Pada jurnal ketiga Sebagai pengobatan alternatif, madu dapat digunakan untuk mencegah
infeksi tanpa memperpanjang waktu penyembuhan luka. Aktivitas antibakteri Mekanisme madu
sebagai antibakteri dapat diklasifikasikan secara langsung dan tidak langsung.
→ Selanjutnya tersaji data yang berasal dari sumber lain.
lemma card_concentrated_shifts_le:
  fixes B T Z :: "int set" and W :: real
  assumes B_sub: "B \<subseteq> {c..d}" and I_le_J: "card {a..b} \<le> card {c..d}"
    and T_sub: "T \<subseteq> {a..b}" and "0 < card T" and "0 \<le> W"
    and hits: "\<And>x. x \<in> B \<Longrightarrow> real (card {t \<in> {a..b}. t + x \<in> Z}) \<le> W"
    and T_hits: "\<And>x. x \<in> B \<Longrightarrow> real (card T) / 2 \<le> real (card {t \<in> T. t + x \<in> Z})"
  shows "real (card B) * real (card {a..b}) \<le> 8 * real (card {c..d}) * W"
proof -
  obtain t where "t \<in> T"
    using \<open>0 < card T\<close> by (metis card.empty ex_in_conv less_irrefl)
  then have "a \<le> b"
    using T_sub by auto
  have "real (card (B \<inter> {y..y + int (card {a..b}) - 1})) \<le> 4 * W" for y
  proof -
    have "{y..y + int (card {a..b}) - 1} = {y..y + (b - a)}"
      using \<open>a \<le> b\<close> by simp
    moreover have "real (card (B \<inter> {y..y + (b - a)})) * (real (card T) / 2) \<le> real (card T) * (2 * W)"
      using card_shifts_in_window_mult_le[OF T_sub \<open>0 \<le> W\<close> hits T_hits] .
    ultimately show ?thesis
      using \<open>0 < card T\<close> by (simp only:) (simp add: field_simps)
  qed
  from card_le_by_windows[OF B_sub _ I_le_J this]
  show ?thesis
    using \<open>a \<le> b\<close> by simp
qed

lemma separating_level:
  fixes f :: "'a \<Rightarrow> real"
  assumes "finite L" "L \<noteq> {}" and gap: "\<And>h l. h \<in> H \<Longrightarrow> l \<in> L \<Longrightarrow> \<kappa> + f l \<le> f h"
  obtains \<alpha> where "\<And>t. t \<in> H \<Longrightarrow> \<alpha> + \<kappa> \<le> f t" and "\<And>t. t \<in> L \<Longrightarrow> f t \<le> \<alpha>"
proof -
  have "Max (f ` L) \<in> f ` L"
    using assms(1,2) by (intro Max_in) auto
  then obtain l where l: "l \<in> L" "f l = Max (f ` L)"
    by auto
  show ?thesis
  proof (rule that)
    show "Max (f ` L) + \<kappa> \<le> f t" if "t \<in> H" for t
      using gap[OF that l(1)] l(2) by simp
    show "f t \<le> Max (f ` L)" if "t \<in> L" for t
      using that assms(1) by simp
  qed
qed

lemma card_hits_le_mismatches:
  fixes f h :: "'a \<Rightarrow> real"
  assumes "finite I" "H \<union> M \<union> L = I" and H: "\<And>t. t \<in> H \<Longrightarrow> \<alpha> + \<kappa> \<le> f t"
  shows "card {t \<in> I. h t < \<alpha> + \<kappa> / 2} \<le> card {t \<in> I. \<kappa> / 2 \<le> \<bar>f t - h t\<bar>} + card M + card L"
proof -
  have "\<kappa> / 2 \<le> \<bar>f t - h t\<bar>" if "t \<in> H" "h t < \<alpha> + \<kappa> / 2" for t
    using H[OF that(1)] that(2) abs_ge_self[of "f t - h t"] by linarith
  then have "{t \<in> I. h t < \<alpha> + \<kappa> / 2} \<subseteq> {t \<in> I. \<kappa> / 2 \<le> \<bar>f t - h t\<bar>} \<union> M \<union> L"
    using assms(2) by blast
  then have "card {t \<in> I. h t < \<alpha> + \<kappa> / 2} \<le> card ({t \<in> I. \<kappa> / 2 \<le> \<bar>f t - h t\<bar>} \<union> M \<union> L)"
    using assms(1,2) by (intro card_mono) auto
  also have "\<dots> \<le> card {t \<in> I. \<kappa> / 2 \<le> \<bar>f t - h t\<bar>} + card M + card L"
    by (meson card_Un_le add_right_mono order_trans)
  finally show ?thesis .
qed

lemma card_le_hits_add_mismatches:
  fixes f h :: "'a \<Rightarrow> real"
  assumes "finite I" "L \<subseteq> I" and L: "\<And>t. t \<in> L \<Longrightarrow> f t \<le> \<alpha>"
  shows "card L \<le> card {t \<in> L. h t < \<alpha> + \<kappa> / 2} + card {t \<in> I. \<kappa> / 2 \<le> \<bar>f t - h t\<bar>}"
proof -
  have "\<kappa> / 2 \<le> \<bar>f t - h t\<bar>" if "t \<in> L" "\<not> h t < \<alpha> + \<kappa> / 2" for t
    using L[OF that(1)] that(2) abs_ge_minus_self[of "f t - h t"] by linarith
  then have "L \<subseteq> {t \<in> L. h t < \<alpha> + \<kappa> / 2} \<union> {t \<in> I. \<kappa> / 2 \<le> \<bar>f t - h t\<bar>}"
    using assms(2) by blast
  then have "card L \<le> card ({t \<in> L. h t < \<alpha> + \<kappa> / 2} \<union> {t \<in> I. \<kappa> / 2 \<le> \<bar>f t - h t\<bar>})"
    using assms(1,2) by (intro card_mono) (auto intro: finite_subset)
  also have "\<dots> \<le> card {t \<in> L. h t < \<alpha> + \<kappa> / 2} + card {t \<in> I. \<kappa> / 2 \<le> \<bar>f t - h t\<bar>}"
    by (rule card_Un_le)
  finally show ?thesis .
qed

lemma few_mismatches_hits:
  fixes f h :: "'a \<Rightarrow> real"
  assumes "finite I" and part: "H \<union> M \<union> L = I"
    and H: "\<And>t. t \<in> H \<Longrightarrow> \<alpha> + \<kappa> \<le> f t" and L: "\<And>t. t \<in> L \<Longrightarrow> f t \<le> \<alpha>"
    and M_card: "real (card M) \<le> \<delta> * N"
    and L_card: "\<delta> * N / 2 \<le> real (card L)" "real (card L) \<le> \<delta> * N"
    and few: "real (card {t \<in> I. \<kappa> / 2 \<le> \<bar>f t - h t\<bar>}) < \<delta> * N / 4"
  shows "real (card {t \<in> I. h t < \<alpha> + \<kappa> / 2}) \<le> 9 / 4 * \<delta> * N"
    and "real (card L) / 2 \<le> real (card {t \<in> L. h t < \<alpha> + \<kappa> / 2})"
proof -
  have "real (card {t \<in> I. h t < \<alpha> + \<kappa> / 2})
          \<le> real (card {t \<in> I. \<kappa> / 2 \<le> \<bar>f t - h t\<bar>}) + real (card M) + real (card L)"
    using of_nat_mono[OF card_hits_le_mismatches[OF \<open>finite I\<close> part H, where h = h]]
    by simp
  then show "real (card {t \<in> I. h t < \<alpha> + \<kappa> / 2}) \<le> 9 / 4 * \<delta> * N"
    using M_card L_card few by linarith
  have "L \<subseteq> I"
    using part by blast
  from of_nat_mono[OF card_le_hits_add_mismatches[OF \<open>finite I\<close> this L, where h = h and \<kappa> = \<kappa>]]
  have "real (card L) \<le> real (card {t \<in> L. h t < \<alpha> + \<kappa> / 2})
                          + real (card {t \<in> I. \<kappa> / 2 \<le> \<bar>f t - h t\<bar>})"
    by simp
  then show "real (card L) / 2 \<le> real (card {t \<in> L. h t < \<alpha> + \<kappa> / 2})"
    using L_card few by linarith
qed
Mekanisme secara
langsung didasarkan pada kemampuan komponen madu untuk membunuh bakteri.Mekanisme
tidak langsung adalah respon antibakteri dari host yang dirangsang oleh madu terhadap bakteri.
B. Saran
1. Bagi pelayanan kesehatan
Bagi pelayanan kesehatan disarankan untuk dapat menjadikan hasil penelitian ini sebagai
salah satu intervensi keperawatan pada pasien yang mengalami luka bakar
2. Bagi perkembangan ilmu keperawatan
Bagi perkembangan ilmu keperawatan khususnya tenaga pengajar dan pelajar
disarankan unuk dapat memakai hasil penelitian ini sebagai salah satu sumber informasi
mengenai cara mengatasi luka bakar potency of honey in treatment of burn wounds
3. Bagi masyarakat
Bagi masyarakat disarankan untuk dapat mengaplikasikan hasil penelitian yang sudah
dilakukan.
4. Bagi penelitian selanjutnya
Hasil penelitian selanjutnya dapat dijadikan tambahan untuk mengembangkan penelitian
lebih apikatif tentang pengobatan luka bakar derajat dua.